(SUPPLIED MATERIAL)

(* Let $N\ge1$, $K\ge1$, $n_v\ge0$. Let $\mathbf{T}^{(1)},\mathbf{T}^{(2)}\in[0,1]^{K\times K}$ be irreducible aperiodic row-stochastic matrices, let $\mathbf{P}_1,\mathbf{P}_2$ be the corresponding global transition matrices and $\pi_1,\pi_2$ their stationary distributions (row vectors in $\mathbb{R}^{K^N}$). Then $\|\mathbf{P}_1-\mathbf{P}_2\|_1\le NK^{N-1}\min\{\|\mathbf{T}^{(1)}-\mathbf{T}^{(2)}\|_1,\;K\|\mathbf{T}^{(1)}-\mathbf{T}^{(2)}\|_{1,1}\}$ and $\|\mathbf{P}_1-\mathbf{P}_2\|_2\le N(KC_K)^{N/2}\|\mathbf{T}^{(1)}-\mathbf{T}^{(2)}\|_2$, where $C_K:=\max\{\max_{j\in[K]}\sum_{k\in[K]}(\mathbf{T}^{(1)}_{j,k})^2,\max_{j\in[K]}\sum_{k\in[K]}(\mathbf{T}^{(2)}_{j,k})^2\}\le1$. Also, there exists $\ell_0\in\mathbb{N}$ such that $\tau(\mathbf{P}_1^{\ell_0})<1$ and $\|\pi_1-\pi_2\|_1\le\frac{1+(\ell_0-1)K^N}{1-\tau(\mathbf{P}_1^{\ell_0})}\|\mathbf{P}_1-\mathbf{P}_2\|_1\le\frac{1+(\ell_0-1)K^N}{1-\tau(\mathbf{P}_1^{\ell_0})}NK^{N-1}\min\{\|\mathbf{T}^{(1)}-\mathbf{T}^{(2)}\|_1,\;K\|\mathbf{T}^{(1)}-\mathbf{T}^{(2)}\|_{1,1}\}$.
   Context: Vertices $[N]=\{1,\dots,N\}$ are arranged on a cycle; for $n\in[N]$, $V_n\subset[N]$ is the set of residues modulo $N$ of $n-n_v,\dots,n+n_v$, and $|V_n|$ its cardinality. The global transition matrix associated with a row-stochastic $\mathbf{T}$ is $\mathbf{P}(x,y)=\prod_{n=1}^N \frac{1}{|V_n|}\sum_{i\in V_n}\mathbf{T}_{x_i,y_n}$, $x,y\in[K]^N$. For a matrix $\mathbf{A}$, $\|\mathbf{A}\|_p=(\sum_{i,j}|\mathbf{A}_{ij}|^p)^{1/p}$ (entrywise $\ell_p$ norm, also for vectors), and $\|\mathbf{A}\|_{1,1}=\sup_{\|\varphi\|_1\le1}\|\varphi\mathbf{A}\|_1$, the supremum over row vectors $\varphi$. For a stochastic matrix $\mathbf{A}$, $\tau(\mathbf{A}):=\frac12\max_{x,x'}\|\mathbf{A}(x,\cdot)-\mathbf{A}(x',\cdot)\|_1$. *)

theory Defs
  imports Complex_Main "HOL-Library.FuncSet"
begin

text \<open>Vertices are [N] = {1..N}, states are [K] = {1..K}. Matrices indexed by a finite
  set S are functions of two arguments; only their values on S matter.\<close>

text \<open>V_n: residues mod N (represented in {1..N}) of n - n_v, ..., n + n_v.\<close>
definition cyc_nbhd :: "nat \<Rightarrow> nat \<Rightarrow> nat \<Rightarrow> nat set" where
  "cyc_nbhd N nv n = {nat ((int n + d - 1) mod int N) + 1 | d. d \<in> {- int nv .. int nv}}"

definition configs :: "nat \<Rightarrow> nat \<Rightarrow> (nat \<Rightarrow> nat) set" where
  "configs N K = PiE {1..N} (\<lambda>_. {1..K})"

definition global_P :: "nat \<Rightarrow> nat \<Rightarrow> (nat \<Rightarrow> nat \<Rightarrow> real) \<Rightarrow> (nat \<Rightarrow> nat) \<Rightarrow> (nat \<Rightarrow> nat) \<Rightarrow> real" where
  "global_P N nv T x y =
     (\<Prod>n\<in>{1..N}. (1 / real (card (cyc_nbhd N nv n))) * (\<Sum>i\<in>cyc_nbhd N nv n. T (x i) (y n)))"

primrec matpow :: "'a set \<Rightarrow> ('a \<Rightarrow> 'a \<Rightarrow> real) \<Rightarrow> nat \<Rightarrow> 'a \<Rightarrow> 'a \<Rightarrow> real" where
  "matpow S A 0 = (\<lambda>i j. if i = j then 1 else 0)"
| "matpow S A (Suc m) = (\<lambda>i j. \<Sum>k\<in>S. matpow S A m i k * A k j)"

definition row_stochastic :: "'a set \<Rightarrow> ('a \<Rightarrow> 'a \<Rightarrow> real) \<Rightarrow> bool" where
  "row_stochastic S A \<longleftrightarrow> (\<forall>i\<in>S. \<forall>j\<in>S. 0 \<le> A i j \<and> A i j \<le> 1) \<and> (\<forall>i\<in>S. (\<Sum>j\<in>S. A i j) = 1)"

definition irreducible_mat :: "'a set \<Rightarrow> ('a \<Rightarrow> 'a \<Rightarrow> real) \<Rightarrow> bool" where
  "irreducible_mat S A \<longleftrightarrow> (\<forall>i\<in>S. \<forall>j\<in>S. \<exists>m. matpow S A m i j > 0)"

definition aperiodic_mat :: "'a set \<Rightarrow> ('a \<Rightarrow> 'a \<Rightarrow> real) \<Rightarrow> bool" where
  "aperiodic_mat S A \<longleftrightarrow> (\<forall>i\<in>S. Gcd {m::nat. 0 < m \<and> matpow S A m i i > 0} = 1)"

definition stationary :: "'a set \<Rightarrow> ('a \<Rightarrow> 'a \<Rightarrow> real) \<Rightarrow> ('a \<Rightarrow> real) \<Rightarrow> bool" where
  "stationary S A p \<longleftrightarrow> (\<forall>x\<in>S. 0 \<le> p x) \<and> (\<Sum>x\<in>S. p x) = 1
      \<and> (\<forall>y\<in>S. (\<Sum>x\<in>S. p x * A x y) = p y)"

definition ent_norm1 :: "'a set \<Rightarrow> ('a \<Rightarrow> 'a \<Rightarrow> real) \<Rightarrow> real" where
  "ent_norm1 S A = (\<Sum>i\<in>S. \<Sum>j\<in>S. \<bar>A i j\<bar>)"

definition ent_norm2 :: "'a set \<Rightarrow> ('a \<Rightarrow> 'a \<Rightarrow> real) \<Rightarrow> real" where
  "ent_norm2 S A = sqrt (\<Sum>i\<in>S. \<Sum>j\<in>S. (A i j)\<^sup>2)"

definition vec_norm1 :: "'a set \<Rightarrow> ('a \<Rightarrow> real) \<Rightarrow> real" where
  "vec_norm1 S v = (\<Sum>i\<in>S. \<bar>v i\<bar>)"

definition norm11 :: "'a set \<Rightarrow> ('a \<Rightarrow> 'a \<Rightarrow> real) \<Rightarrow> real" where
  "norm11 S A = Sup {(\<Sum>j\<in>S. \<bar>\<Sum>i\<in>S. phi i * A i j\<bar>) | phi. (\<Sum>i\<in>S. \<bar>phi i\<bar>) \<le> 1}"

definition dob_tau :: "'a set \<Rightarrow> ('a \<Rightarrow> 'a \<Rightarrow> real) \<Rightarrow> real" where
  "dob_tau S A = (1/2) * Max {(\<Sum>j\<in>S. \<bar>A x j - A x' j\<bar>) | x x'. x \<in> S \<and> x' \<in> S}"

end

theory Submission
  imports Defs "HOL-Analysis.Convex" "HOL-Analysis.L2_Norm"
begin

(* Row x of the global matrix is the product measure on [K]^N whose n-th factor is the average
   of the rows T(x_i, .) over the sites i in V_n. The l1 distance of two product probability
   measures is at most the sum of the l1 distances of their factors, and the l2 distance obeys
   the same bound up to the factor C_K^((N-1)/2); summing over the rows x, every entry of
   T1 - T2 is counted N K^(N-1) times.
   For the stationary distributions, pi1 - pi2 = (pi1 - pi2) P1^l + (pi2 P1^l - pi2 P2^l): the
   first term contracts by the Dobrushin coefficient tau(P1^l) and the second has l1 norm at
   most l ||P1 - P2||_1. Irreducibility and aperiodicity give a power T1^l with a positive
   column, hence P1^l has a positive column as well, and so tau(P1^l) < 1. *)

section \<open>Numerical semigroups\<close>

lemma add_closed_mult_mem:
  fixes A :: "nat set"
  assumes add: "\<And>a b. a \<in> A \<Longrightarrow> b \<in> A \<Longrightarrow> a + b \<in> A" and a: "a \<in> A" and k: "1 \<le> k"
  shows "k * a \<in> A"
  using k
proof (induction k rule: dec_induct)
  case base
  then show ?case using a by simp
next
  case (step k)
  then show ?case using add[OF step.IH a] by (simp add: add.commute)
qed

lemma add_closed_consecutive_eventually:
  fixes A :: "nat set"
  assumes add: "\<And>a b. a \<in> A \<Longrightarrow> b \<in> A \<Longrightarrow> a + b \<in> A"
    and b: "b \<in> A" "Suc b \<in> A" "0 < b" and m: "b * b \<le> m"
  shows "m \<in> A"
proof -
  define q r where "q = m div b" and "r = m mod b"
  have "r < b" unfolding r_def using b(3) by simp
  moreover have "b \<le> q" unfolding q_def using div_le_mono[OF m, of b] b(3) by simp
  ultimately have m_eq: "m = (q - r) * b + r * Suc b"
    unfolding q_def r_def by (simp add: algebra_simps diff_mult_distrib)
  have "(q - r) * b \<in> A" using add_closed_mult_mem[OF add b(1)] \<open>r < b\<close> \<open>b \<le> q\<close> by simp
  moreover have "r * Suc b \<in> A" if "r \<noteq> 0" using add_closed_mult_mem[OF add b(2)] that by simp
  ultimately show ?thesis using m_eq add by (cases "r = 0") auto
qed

(End SUPPLIED MATERIAL)

Show each line of the material above where "lemma" occurs.

lemma add_closed_mult_mem:
lemma add_closed_consecutive_eventually:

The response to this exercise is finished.